[SOURCE RECORDS]:
lemma card_layer_le_sum:
  assumes "finite I" "N \<subseteq> V"
  shows "card {f \<in> rooted_assignments U I B V. first_layer U (override_on B f I) V = N}
    \<le> (\<Sum>g \<in> (I \<inter> N) \<rightarrow>\<^sub>E {K \<in> F. K \<inter> U \<noteq> {}}.
          card (rooted_assignments (\<Union>v\<in>N. override_on B g (I \<inter> N) v) (I - N) B (V - N)))"
    (is "card ?X \<le> (\<Sum>g\<in>?G. card (?H g))")
proof -
  let ?split = "\<lambda>f. (restrict f (I \<inter> N), restrict f (I - (I \<inter> N)))"
  have "?split ` ?X \<subseteq> Sigma ?G ?H"
  proof (rule image_subsetI)
    fix f assume f: "f \<in> ?X"
    define S where "S = override_on B f I"
    have fF: "f \<in> I \<rightarrow>\<^sub>E F" and reach: "\<forall>v\<in>V. reach U S V v"
      and N: "first_layer U S V = N"
      using f unfolding rooted_assignments_def S_def by auto
    have "f i \<inter> U \<noteq> {}" if "i \<in> I \<inter> N" for i
      using that N unfolding first_layer_def S_def by auto
    then have g: "restrict f (I \<inter> N) \<in> ?G" using fF by auto
    have "(\<Union>v\<in>N. override_on B (restrict f (I \<inter> N)) (I \<inter> N) v) = \<Union> (S ` N)"
      by (rule SUP_cong) (auto simp: S_def override_on_def)
    moreover have "reach (\<Union> (S ` N)) (override_on B (restrict f (I - N)) (I - N)) (V - N) v"
      if "v \<in> V - N" for v
      using reach_beyond_first_layer[of U S V v] reach that unfolding N
      by (auto simp: S_def override_on_def elim!: reach_cong)
    ultimately have "restrict f (I - N) \<in> ?H (restrict f (I \<inter> N))"
      using fF unfolding rooted_assignments_def by auto
    moreover have "I - (I \<inter> N) = I - N" by blast
    ultimately show "?split f \<in> Sigma ?G ?H" using g by simp
  qed
  moreover have "inj_on ?split ?X"
    by (rule inj_on_subset[OF inj_on_restrict_split]) (auto simp: rooted_assignments_def PiE_iff)
  moreover have "finite (Sigma ?G ?H)"
    using assms(1) finite_family by (auto intro!: finite_SigmaI finite_PiE finite_rooted_assignments)
  ultimately have "card ?X \<le> card (Sigma ?G ?H)" by (blast intro: card_inj_on_le)
  also have "\<dots> = (\<Sum>g\<in>?G. card (?H g))"
    using assms(1) finite_family by (auto intro!: card_SigmaI finite_PiE finite_rooted_assignments)
  finally show ?thesis .
qed


lemma card_full_layer_le:
  assumes "finite V" "I \<subseteq> V" "finite U" "U \<noteq> {}"
  shows "card {f \<in> rooted_assignments U I B V. first_layer U (override_on B f I) V = V}
    \<le> C ^ card I * card U ^ card V"
proof -
  have finI: "finite I" using assms(1,2) finite_subset by blast
  have "rooted_assignments U' (I - V) B (V - V) = {\<lambda>_. undefined}" for U'
    using assms(2) by (simp add: rooted_assignments_def Diff_eq_empty_iff[THEN iffD2])
  then have "card {f \<in> rooted_assignments U I B V. first_layer U (override_on B f I) V = V}
      \<le> card ((I \<inter> V) \<rightarrow>\<^sub>E {K \<in> F. K \<inter> U \<noteq> {}})"
    using card_layer_le_sum[OF finI, where N = V and V = V and U = U and B = B] by simp
  also have "\<dots> \<le> (card U * C) ^ card I"
    using card_PiE_meeting_le[OF finI assms(3)] assms(2) by (simp add: Int_absorb2)
  also have "\<dots> = C ^ card I * card U ^ card I"
    by (simp add: power_mult_distrib)
  also have "card U ^ card I \<le> card U ^ card V"
    using assms by (intro power_increasing card_mono) (auto simp: Suc_le_eq card_gt_0_iff)
  finally show ?thesis by simp
qed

[TASK BRIEF]: Set down the records again without altering a word.

[SOLUTION TO THIS TASK]:
lemma card_layer_le_sum:
  assumes "finite I" "N \<subseteq> V"
  shows "card {f \<in> rooted_assignments U I B V. first_layer U (override_on B f I) V = N}
    \<le> (\<Sum>g \<in> (I \<inter> N) \<rightarrow>\<^sub>E {K \<in> F. K \<inter> U \<noteq> {}}.
          card (rooted_assignments (\<Union>v\<in>N. override_on B g (I \<inter> N) v) (I - N) B (V - N)))"
    (is "card ?X \<le> (\<Sum>g\<in>?G. card (?H g))")
proof -
  let ?split = "\<lambda>f. (restrict f (I \<inter> N), restrict f (I - (I \<inter> N)))"
  have "?split ` ?X \<subseteq> Sigma ?G ?H"
  proof (rule image_subsetI)
    fix f assume f: "f \<in> ?X"
    define S where "S = override_on B f I"
    have fF: "f \<in> I \<rightarrow>\<^sub>E F" and reach: "\<forall>v\<in>V. reach U S V v"
      and N: "first_layer U S V = N"
      using f unfolding rooted_assignments_def S_def by auto
    have "f i \<inter> U \<noteq> {}" if "i \<in> I \<inter> N" for i
      using that N unfolding first_layer_def S_def by auto
    then have g: "restrict f (I \<inter> N) \<in> ?G" using fF by auto
    have "(\<Union>v\<in>N. override_on B (restrict f (I \<inter> N)) (I \<inter> N) v) = \<Union> (S ` N)"
      by (rule SUP_cong) (auto simp: S_def override_on_def)
    moreover have "reach (\<Union> (S ` N)) (override_on B (restrict f (I - N)) (I - N)) (V - N) v"
      if "v \<in> V - N" for v
      using reach_beyond_first_layer[of U S V v] reach that unfolding N
      by (auto simp: S_def override_on_def elim!: reach_cong)
    ultimately have "restrict f (I - N) \<in> ?H (restrict f (I \<inter> N))"
      using fF unfolding rooted_assignments_def by auto
    moreover have "I - (I \<inter> N) = I - N" by blast
    ultimately show "?split f \<in> Sigma ?G ?H" using g by simp
  qed
  moreover have "inj_on ?split ?X"
    by (rule inj_on_subset[OF inj_on_restrict_split]) (auto simp: rooted_assignments_def PiE_iff)
  moreover have "finite (Sigma ?G ?H)"
    using assms(1) finite_family by (auto intro!: finite_SigmaI finite_PiE finite_rooted_assignments)
  ultimately have "card ?X \<le> card (Sigma ?G ?H)" by (blast intro: card_inj_on_le)
  also have "\<dots> = (\<Sum>g\<in>?G. card (?H g))"
    using assms(1) finite_family by (auto intro!: card_SigmaI finite_PiE finite_rooted_assignments)
  finally show ?thesis .
qed


lemma card_full_layer_le:
  assumes "finite V" "I \<subseteq> V" "finite U" "U \<noteq> {}"
  shows "card {f \<in> rooted_assignments U I B V. first_layer U (override_on B f I) V = V}
    \<le> C ^ card I * card U ^ card V"
proof -
  have finI: "finite I" using assms(1,2) finite_subset by blast
  have "rooted_assignments U' (I - V) B (V - V) = {\<lambda>_. undefined}" for U'
    using assms(2) by (simp add: rooted_assignments_def Diff_eq_empty_iff[THEN iffD2])
  then have "card {f \<in> rooted_assignments U I B V. first_layer U (override_on B f I) V = V}
      \<le> card ((I \<inter> V) \<rightarrow>\<^sub>E {K \<in> F. K \<inter> U \<noteq> {}})"
    using card_layer_le_sum[OF finI, where N = V and V = V and U = U and B = B] by simp
  also have "\<dots> \<le> (card U * C) ^ card I"
    using card_PiE_meeting_le[OF finI assms(3)] assms(2) by (simp add: Int_absorb2)
  also have "\<dots> = C ^ card I * card U ^ card I"
    by (simp add: power_mult_distrib)
  also have "card U ^ card I \<le> card U ^ card V"
    using assms by (intro power_increasing card_mono) (auto simp: Suc_le_eq card_gt_0_iff)
  finally show ?thesis by simp
qed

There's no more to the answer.